On a wet day a museum or gallery- my favourite being either the Geoffrey Museum in the Kingsland Road, with its history of English interiors, or the Museum of London after its recent refurbishment. But then I also love the Imperial War Museum which surprises with the second largest collection of British art after the Tate, all themed around war – it still commissions War Artists and shows their work.

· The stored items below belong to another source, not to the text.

(* Let $n\ge1$, $a_1,\dots,a_n,b\in\mathbb{Z}$, $m\in\mathbb{Z}$, $m\ne0$, and suppose the congruence $$a_1x_1+\dots+a_nx_n\equiv b\pmod m \qquad (1)$$ has at least one solution. Let $P_1=(a_1,\dots,a_n,m)\cdot|m|^{n-1}$ and $P_2=(a_1,m)\cdots(a_n,m)$. Then (1) has a base, and every base of (1) consists of exactly $P_1/P_2$ solutions (in particular $P_1/P_2$ is a positive integer, and all bases of (1) have the same number of elements).
   Context: $(c_1,\dots,c_k)$ denotes the positive greatest common divisor. A solution of (1) is a vector in $\mathbb{Z}^n$ satisfying (1); two solutions $X,Y$ are distinct if $X_i\not\equiv Y_i\pmod m$ for some $i$. For $i=1,\dots,n$ let $V_i\in\mathbb{Z}^n$ be the vector whose $i$-th coordinate is $\frac{m}{(a_i,m)}$ and whose other coordinates are $0$, and let $A\subseteq\mathbb{Z}^n$ be the $\mathbb{Z}$-module generated by $V_1,\dots,V_n$. Two solutions $X,Y$ of (1) are called independent if $X-Y\notin A$, and dependent otherwise. Solutions $X^1,\dots,X^s$ of (1) form a base of (1) if they are pairwise independent and every solution of (1) is congruent modulo $m$ (coordinatewise) to a vector of the form $X^j+\sum_{i=1}^n t_iV_i$ for some $j\in\{1,\dots,s\}$ and integers $t_i$ with $0\le t_i<(a_i,m)$. *)

theory Defs
  imports "HOL-Number_Theory.Number_Theory"
begin

text \<open>Vectors of Z^n are represented as functions nat \<Rightarrow> int that vanish
  outside the index set {0..<n} (coordinate i of the paper is index i-1 here).\<close>

definition Zn :: "nat \<Rightarrow> (nat \<Rightarrow> int) set" where
  "Zn n = {x. \<forall>i\<ge>n. x i = 0}"

definition is_solution :: "nat \<Rightarrow> (nat \<Rightarrow> int) \<Rightarrow> int \<Rightarrow> int \<Rightarrow> (nat \<Rightarrow> int) \<Rightarrow> bool" where
  "is_solution n a b m X \<longleftrightarrow> X \<in> Zn n \<and> [(\<Sum>i<n. a i * X i) = b] (mod m)"

definition Vvec :: "(nat \<Rightarrow> int) \<Rightarrow> int \<Rightarrow> nat \<Rightarrow> (nat \<Rightarrow> int)" where
  "Vvec a m k = (\<lambda>i. if i = k then m div gcd (a k) m else 0)"

definition Amod :: "nat \<Rightarrow> (nat \<Rightarrow> int) \<Rightarrow> int \<Rightarrow> (nat \<Rightarrow> int) set" where
  "Amod n a m = {v. \<exists>t :: nat \<Rightarrow> int. v = (\<lambda>i. \<Sum>k<n. t k * Vvec a m k i)}"

definition independent :: "nat \<Rightarrow> (nat \<Rightarrow> int) \<Rightarrow> int \<Rightarrow> (nat \<Rightarrow> int) \<Rightarrow> (nat \<Rightarrow> int) \<Rightarrow> bool" where
  "independent n a m X Y \<longleftrightarrow> (\<lambda>i. X i - Y i) \<notin> Amod n a m"

definition is_base :: "nat \<Rightarrow> (nat \<Rightarrow> int) \<Rightarrow> int \<Rightarrow> int \<Rightarrow> (nat \<Rightarrow> int) list \<Rightarrow> bool" where
  "is_base n a b m Xs \<longleftrightarrow>
     (\<forall>j<length Xs. is_solution n a b m (Xs ! j)) \<and>
     (\<forall>j<length Xs. \<forall>k<length Xs. j \<noteq> k \<longrightarrow> independent n a m (Xs ! j) (Xs ! k)) \<and>
     (\<forall>Y. is_solution n a b m Y \<longrightarrow>
        (\<exists>j<length Xs. \<exists>t :: nat \<Rightarrow> int.
           (\<forall>i<n. 0 \<le> t i \<and> t i < gcd (a i) m) \<and>
           (\<forall>i<n. [Y i = (Xs ! j) i + (\<Sum>k<n. t k * Vvec a m k i)] (mod m))))"

end

theory Submission
  imports Defs
begin
definition frac_rep :: "int \<Rightarrow> nat \<Rightarrow> int \<Rightarrow> int \<Rightarrow> int \<Rightarrow> int \<Rightarrow> bool" where
  "frac_rep L m Q X k1 k2 \<longleftrightarrow>
     \<bar>k1\<bar> < L ^ m \<and> \<bar>k2\<bar> < L ^ m \<and> k2 \<noteq> 0 \<and> [X * k2 = k1] (mod Q) \<and> \<bar>k1\<bar> \<le> int m * \<bar>k2\<bar>"

lemma srep_iff_eventually_frac_rep:
  "srep D l m x k1 k2 \<longleftrightarrow> eventually (\<lambda>q. frac_rep (l q) m (int q) (x q) (k1 q) (k2 q)) D"
  by (simp add: srep_def frac_rep_def)

lemma frac_rep_mono:
  assumes "frac_rep L m Q X a b" "m \<le> n" "1 \<le> L"
  shows "frac_rep L n Q X a b"
proof -
  have "L ^ m \<le> L ^ n" by (rule power_increasing) (use assms in auto)
  moreover have "int m * \<bar>b\<bar> \<le> int n * \<bar>b\<bar>" using assms(2) by (simp add: mult_right_mono)
  ultimately show ?thesis using assms(1) unfolding frac_rep_def by linarith
qed

lemma frac_rep_uminus:
  assumes "frac_rep L m Q X a b"
  shows "frac_rep L m Q (- X) (- a) b"
  using assms by (simp add: frac_rep_def cong_minus_minus_iff)
(* Let $t$ be the Thue–Morse word. For every $n\geq 2$, one has $f_{aa}(n)\geq n-1$ and $f_{ab}(n)\geq n-1$.
   Context: The Thue–Morse word $t=0110100110010110\cdots$ is the fixed point starting with $0$ of the substitution $\mu:0\mapsto 01,\ 1\mapsto 10$. $f_{aa}(n)$ (resp. $f_{ab}(n)$) denotes the number of distinct factors of $t$ of length $n$ that begin and end with the same letter (resp. with different letters). *)

theory Defs
  imports Main
begin

fun mu_letter :: "nat \<Rightarrow> nat list" where
  "mu_letter a = (if a = 0 then [0, 1] else [1, 0])"

definition mu :: "nat list \<Rightarrow> nat list" where
  "mu w = concat (map mu_letter w)"

text \<open>The Thue--Morse word t, the fixed point of mu starting with 0:
  its n-th letter (0-indexed) is the n-th letter of mu^(n+1)(0), which has length 2^(n+1) > n
  and is a prefix of all further iterates.\<close>
definition thue_morse :: "nat \<Rightarrow> nat" where
  "thue_morse n = ((mu ^^ Suc n) [0]) ! n"

definition tm_factor :: "nat \<Rightarrow> nat \<Rightarrow> nat list" where
  "tm_factor i n = map thue_morse [i..<i + n]"

definition tm_factors :: "nat \<Rightarrow> nat list set" where
  "tm_factors n = {w. \<exists>i. w = tm_factor i n}"

definition f_aa :: "nat \<Rightarrow> nat" where
  "f_aa n = card {w \<in> tm_factors n. hd w = last w}"

definition f_ab :: "nat \<Rightarrow> nat" where
  "f_ab n = card {w \<in> tm_factors n. hd w \<noteq> last w}"

end

theory Submission
  imports Defs
begin
(* For all $\lambda,\mu\in\mathbb C$ and $k\in\frac12\mathbb Z_{\ge0}$, the space $\mathcal D^k_{\lambda\mu}$ is isomorphic to the corresponding space of symbols $\bigoplus_{i=0}^{2k}\operatorname{gr}^{i/2}\mathcal D_{\lambda\mu}$ as a module over the affine Lie superalgebra $\mathrm{Aff}(2|2)$.
   Context: $C^\infty(S^{1|2})$ consists of $f=f_0(x)+\xi_1f_1(x)+\xi_2f_2(x)+\xi_1\xi_2f_{12}(x)$ with smooth complex-valued coefficients on the circle and odd Grassmann variables $\xi_1,\xi_2$; parity $p(x)=0,p(\xi_i)=1$; $f'=\partial_xf$. $\overline D_i=\partial_{\xi_i}-\xi_i\partial_x$. For homogeneous $f$, $X_f=f\partial_x-(-1)^{p(f)}\tfrac12(\overline D_1(f)\overline D_1+\overline D_2(f)\overline D_2)$; $\mathcal K(2)$ is the Lie superalgebra of all such $X_f$; $\mathrm{Aff}(2|2)$ is its subalgebra spanned by $X_f$ for $f\in\{1,x,\xi_1\xi_2,\xi_1,\xi_2\}$. $\mathcal F_\lambda$ is $C^\infty(S^{1|2})$ with action $L^\lambda_{X_f}=X_f+\lambda f'$. $\mathcal D_{\lambda\mu}$: linear differential operators $\mathcal F_\lambda\to\mathcal F_\mu$ with action $\mathcal L_{X_f}(A)=L^\mu_{X_f}\circ A-(-1)^{p(f)p(A)}A\circ L^\lambda_{X_f}$; each is a finite sum $\sum a_{\ell,m,n}\partial_x^\ell\overline D_1^m\overline D_2^n$, $m,n\in\{0,1\}$. For $k\in\frac12\mathbb Z_{\ge0}$, $\mathcal D^k_{\lambda\mu}$ consists of such sums with $\ell+\frac m2+\frac n2\le k$; it is $\mathcal K(2)$-stable, and $\operatorname{gr}^k\mathcal D_{\lambda\mu}=\mathcal D^k_{\lambda\mu}/\mathcal D^{k-1/2}_{\lambda\mu}$ (with $\mathcal D^{-1/2}=0$) carries the induced action.
   Formalization: The supercircle $S^{1|2}$ is replaced by the superline: x ranges over the whole real line, and the coefficients $f_0,f_1,f_2,f_{12}$ are smooth complex-valued functions on it, without periodicity. The statement above fails without it. *)

theory Defs
  imports "HOL-Analysis.Analysis" "HOL-Library.Function_Algebras"
begin

text \<open>A superfunction f = f00 + xi1 f10 + xi2 f01 + xi1 xi2 f11 is represented by
  its coefficient map: the index (a,b) :: bool \<times> bool stands for xi1^a xi2^b.\<close>

type_synonym sf = "bool \<times> bool \<Rightarrow> real \<Rightarrow> complex"
type_synonym sop = "sf \<Rightarrow> sf"

definition smooth_fun :: "(real \<Rightarrow> complex) \<Rightarrow> bool" where
  "smooth_fun g \<longleftrightarrow> (\<exists>d. d 0 = g \<and>
      (\<forall>k t. (d k has_vector_derivative d (Suc k) t) (at t)))"

definition smooth_sf :: "sf \<Rightarrow> bool" where
  "smooth_sf F \<longleftrightarrow> (\<forall>c. smooth_fun (F c))"

definition sf_dx :: "sf \<Rightarrow> sf" where
  "sf_dx F = (\<lambda>c t. vector_derivative (F c) (at t))"

definition gmul :: "sf \<Rightarrow> sf \<Rightarrow> sf" where
  "gmul F G = (\<lambda>c t. case c of
      (False, False) \<Rightarrow> F (False,False) t * G (False,False) t
    | (True, False) \<Rightarrow> F (True,False) t * G (False,False) t + F (False,False) t * G (True,False) t
    | (False, True) \<Rightarrow> F (False,True) t * G (False,False) t + F (False,False) t * G (False,True) t
    | (True, True) \<Rightarrow> F (True,True) t * G (False,False) t + F (False,False) t * G (True,True) t
                     + F (True,False) t * G (False,True) t - F (False,True) t * G (True,False) t)"

definition cmul :: "complex \<Rightarrow> sf \<Rightarrow> sf" where
  "cmul a F = (\<lambda>c t. a * F c t)"

definition sf_one :: sf where
  "sf_one = (\<lambda>c t. if c = (False,False) then 1 else 0)"

definition sf_x :: sf where
  "sf_x = (\<lambda>c t. if c = (False,False) then complex_of_real t else 0)"

definition sf_xi1 :: sf where
  "sf_xi1 = (\<lambda>c t. if c = (True,False) then 1 else 0)"

definition sf_xi2 :: sf where
  "sf_xi2 = (\<lambda>c t. if c = (False,True) then 1 else 0)"

text \<open>left derivatives partial_xi1, partial_xi2\<close>
definition dxi1 :: "sf \<Rightarrow> sf" where
  "dxi1 F = (\<lambda>c t. case c of (False,False) \<Rightarrow> F (True,False) t
                           | (False,True) \<Rightarrow> F (True,True) t
                           | _ \<Rightarrow> 0)"

definition dxi2 :: "sf \<Rightarrow> sf" where
  "dxi2 F = (\<lambda>c t. case c of (False,False) \<Rightarrow> F (False,True) t
                           | (True,False) \<Rightarrow> - F (True,True) t
                           | _ \<Rightarrow> 0)"

definition Dbar1 :: "sf \<Rightarrow> sf" where
  "Dbar1 F = dxi1 F - gmul sf_xi1 (sf_dx F)"

definition Dbar2 :: "sf \<Rightarrow> sf" where
  "Dbar2 F = dxi2 F - gmul sf_xi2 (sf_dx F)"

definition sf_ev :: "sf \<Rightarrow> sf" where
  "sf_ev F = (\<lambda>c t. if fst c = snd c then F c t else 0)"

definition sf_od :: "sf \<Rightarrow> sf" where
  "sf_od F = (\<lambda>c t. if fst c \<noteq> snd c then F c t else 0)"

text \<open>The vector field X_f for f homogeneous of parity p (True = odd):
  X_f = f dx - (-1)^p 1/2 (Dbar1(f) Dbar1 + Dbar2(f) Dbar2).\<close>
definition Xvec :: "bool \<Rightarrow> sf \<Rightarrow> sf \<Rightarrow> sf" where
  "Xvec p f F = gmul f (sf_dx F)
      + cmul (if p then 1/2 else -1/2) (gmul (Dbar1 f) (Dbar1 F) + gmul (Dbar2 f) (Dbar2 F))"

definition Lie :: "bool \<Rightarrow> complex \<Rightarrow> sf \<Rightarrow> sf \<Rightarrow> sf" where
  "Lie p lam f F = Xvec p f F + cmul lam (gmul (sf_dx f) F)"

text \<open>Operators are considered on smooth superfunctions only (value 0 elsewhere).\<close>
definition restr :: "sop \<Rightarrow> sop" where
  "restr A = (\<lambda>F. if smooth_sf F then A F else 0)"

definition op_ev :: "sop \<Rightarrow> sop" where
  "op_ev A = (\<lambda>F. sf_ev (A (sf_ev F)) + sf_od (A (sf_od F)))"

definition op_od :: "sop \<Rightarrow> sop" where
  "op_od A = (\<lambda>F. sf_od (A (sf_ev F)) + sf_ev (A (sf_od F)))"

definition op_even :: "sop \<Rightarrow> bool" where
  "op_even A \<longleftrightarrow> (\<forall>F. smooth_sf F \<longrightarrow> A F = op_ev A F)"

definition op_odd :: "sop \<Rightarrow> bool" where
  "op_odd A \<longleftrightarrow> (\<forall>F. smooth_sf F \<longrightarrow> A F = op_od A F)"

definition opscale :: "complex \<Rightarrow> sop \<Rightarrow> sop" where
  "opscale a A = (\<lambda>F. cmul a (A F))"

The Fish tank in the Berlin Radisson Blu hotel
10) Any other question I like to answer?
A couple of years ago I was able to lure Patrick over to The Hague to inspect my Haagsche Suites. Only because he had scheduled to review another hotel in The Hague, he finally gave in to my persistence and came. Although (off course) I knew we had done a good job, his prize really surprised me, especially because I find that our big brother competitor here in The Hague had done a good job with their renovation. Patrick also wrote our first review on TripAdvisor. That made us number 1 hotel of The Hague for a long time. We fell back when the TripAdvisor review algorithm began to chime in with putting more value to recent reviews than old reviews. Currently we’re back on number 3 after a long period of neglect on my part.
So a threefold thank you now to you Patrick:
For giving in to my persistence and writing a very thorough review of our small hotel.
For writing our first ever TripAdvisor review
For writing this wonderful interview and surprising me with even more prize.
This keeps the small struggling luxury hotelier going 🙂
I do love your photography and certainly will take you on your invitation for a good English pub bite!